=== Begin Enclosure ===

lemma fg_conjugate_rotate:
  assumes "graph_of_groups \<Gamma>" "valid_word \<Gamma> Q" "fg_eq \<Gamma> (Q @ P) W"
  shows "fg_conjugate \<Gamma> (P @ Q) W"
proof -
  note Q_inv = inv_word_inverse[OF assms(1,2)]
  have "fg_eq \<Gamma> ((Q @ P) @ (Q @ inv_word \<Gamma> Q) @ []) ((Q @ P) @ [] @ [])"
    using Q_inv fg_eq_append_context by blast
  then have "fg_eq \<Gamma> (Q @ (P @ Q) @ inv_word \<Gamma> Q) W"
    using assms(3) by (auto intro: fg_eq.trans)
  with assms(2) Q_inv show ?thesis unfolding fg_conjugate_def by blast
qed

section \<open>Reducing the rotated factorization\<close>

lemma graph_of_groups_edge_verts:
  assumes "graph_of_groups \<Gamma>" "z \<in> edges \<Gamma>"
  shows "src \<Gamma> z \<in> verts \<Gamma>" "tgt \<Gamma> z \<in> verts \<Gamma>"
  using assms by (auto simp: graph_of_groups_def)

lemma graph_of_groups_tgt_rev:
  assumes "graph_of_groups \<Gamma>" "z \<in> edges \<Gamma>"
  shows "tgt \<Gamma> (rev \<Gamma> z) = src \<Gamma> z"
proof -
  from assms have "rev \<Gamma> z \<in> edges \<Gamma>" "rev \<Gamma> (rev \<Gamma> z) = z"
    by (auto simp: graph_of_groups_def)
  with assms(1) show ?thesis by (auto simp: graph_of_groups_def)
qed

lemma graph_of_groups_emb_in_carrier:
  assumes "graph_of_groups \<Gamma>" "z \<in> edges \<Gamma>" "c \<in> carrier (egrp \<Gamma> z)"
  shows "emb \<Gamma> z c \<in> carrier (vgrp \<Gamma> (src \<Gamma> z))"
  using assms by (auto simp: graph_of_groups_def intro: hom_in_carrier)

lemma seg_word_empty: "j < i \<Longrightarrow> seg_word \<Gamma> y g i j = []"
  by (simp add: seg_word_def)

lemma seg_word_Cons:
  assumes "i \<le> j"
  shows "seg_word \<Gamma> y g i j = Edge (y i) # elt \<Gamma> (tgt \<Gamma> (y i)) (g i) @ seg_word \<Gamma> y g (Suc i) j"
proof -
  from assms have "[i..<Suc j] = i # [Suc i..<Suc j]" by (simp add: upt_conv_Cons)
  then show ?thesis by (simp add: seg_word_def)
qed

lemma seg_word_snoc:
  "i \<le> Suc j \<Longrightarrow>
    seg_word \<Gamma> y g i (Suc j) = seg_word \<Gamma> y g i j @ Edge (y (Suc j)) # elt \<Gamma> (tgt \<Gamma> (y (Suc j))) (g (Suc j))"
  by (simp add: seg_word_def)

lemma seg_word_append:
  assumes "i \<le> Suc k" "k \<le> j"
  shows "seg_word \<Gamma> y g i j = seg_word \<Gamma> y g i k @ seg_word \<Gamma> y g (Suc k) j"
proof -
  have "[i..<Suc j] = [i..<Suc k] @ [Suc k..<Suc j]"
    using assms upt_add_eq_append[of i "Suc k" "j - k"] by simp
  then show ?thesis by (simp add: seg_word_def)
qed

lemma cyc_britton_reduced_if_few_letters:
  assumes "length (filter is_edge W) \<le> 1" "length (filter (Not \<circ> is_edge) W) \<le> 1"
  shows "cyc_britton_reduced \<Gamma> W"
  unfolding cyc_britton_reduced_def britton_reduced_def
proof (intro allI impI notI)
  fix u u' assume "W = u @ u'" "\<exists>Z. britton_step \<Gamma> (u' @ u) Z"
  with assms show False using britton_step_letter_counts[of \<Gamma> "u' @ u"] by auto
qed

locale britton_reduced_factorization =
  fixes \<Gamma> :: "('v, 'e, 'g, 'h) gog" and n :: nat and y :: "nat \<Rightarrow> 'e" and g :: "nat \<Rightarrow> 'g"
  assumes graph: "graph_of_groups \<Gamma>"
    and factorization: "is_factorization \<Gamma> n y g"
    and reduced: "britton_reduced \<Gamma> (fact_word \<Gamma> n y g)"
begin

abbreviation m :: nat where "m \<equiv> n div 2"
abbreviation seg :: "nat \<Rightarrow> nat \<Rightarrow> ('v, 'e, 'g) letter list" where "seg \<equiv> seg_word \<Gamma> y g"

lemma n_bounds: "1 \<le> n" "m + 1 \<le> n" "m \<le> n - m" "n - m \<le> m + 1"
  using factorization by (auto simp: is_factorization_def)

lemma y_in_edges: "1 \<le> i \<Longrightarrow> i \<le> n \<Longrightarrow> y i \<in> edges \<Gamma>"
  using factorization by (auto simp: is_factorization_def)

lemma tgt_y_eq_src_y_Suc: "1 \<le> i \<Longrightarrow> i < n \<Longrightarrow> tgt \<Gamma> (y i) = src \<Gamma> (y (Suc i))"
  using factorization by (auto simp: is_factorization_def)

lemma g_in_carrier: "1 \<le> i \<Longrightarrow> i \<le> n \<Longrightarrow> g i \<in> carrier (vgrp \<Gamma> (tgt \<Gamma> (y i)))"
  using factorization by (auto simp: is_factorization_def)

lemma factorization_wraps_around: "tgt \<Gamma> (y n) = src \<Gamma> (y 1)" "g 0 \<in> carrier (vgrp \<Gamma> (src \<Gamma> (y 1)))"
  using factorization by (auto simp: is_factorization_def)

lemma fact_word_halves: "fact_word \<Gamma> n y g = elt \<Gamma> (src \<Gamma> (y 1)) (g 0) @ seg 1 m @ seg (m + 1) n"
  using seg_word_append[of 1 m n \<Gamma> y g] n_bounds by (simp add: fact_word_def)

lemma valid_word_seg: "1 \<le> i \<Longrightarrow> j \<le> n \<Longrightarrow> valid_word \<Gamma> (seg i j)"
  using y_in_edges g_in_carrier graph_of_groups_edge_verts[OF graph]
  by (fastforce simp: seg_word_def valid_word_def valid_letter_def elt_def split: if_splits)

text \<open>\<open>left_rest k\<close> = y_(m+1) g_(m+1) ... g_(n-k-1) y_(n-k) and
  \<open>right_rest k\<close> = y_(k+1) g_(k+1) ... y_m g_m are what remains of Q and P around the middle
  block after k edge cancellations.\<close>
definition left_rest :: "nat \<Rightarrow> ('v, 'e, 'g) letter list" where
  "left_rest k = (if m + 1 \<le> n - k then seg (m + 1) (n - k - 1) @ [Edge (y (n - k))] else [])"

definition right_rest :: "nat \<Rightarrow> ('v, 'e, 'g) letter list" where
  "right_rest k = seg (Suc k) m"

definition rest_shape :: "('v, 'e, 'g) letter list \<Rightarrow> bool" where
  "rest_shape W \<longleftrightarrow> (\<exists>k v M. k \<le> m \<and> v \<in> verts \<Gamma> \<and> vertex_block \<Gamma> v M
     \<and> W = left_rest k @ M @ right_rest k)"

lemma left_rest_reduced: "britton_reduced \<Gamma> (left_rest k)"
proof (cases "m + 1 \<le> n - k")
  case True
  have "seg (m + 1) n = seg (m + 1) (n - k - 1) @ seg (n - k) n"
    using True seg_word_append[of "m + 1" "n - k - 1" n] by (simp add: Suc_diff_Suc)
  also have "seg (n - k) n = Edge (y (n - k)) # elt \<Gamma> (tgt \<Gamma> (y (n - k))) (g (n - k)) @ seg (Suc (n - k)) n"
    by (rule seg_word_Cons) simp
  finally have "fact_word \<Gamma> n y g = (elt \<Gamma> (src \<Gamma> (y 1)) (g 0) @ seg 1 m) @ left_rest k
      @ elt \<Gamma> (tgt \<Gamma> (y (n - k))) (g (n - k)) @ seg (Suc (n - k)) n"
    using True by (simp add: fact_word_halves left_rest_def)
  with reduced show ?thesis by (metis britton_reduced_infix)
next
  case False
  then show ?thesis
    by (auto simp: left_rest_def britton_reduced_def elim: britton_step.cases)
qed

=== End Enclosure ===

EXERCISE DETAILS
Above are records; repeat only the lines starting at the line with "using seg_word_append[of 1" and ending at the line with "by (fastforce simp: seg_word_def", exactly as they appear, both included.

SOLUTION TO THIS EXERCISE
  using seg_word_append[of 1 m n \<Gamma> y g] n_bounds by (simp add: fact_word_def)

lemma valid_word_seg: "1 \<le> i \<Longrightarrow> j \<le> n \<Longrightarrow> valid_word \<Gamma> (seg i j)"
  using y_in_edges g_in_carrier graph_of_groups_edge_verts[OF graph]
  by (fastforce simp: seg_word_def valid_word_def valid_letter_def elt_def split: if_splits)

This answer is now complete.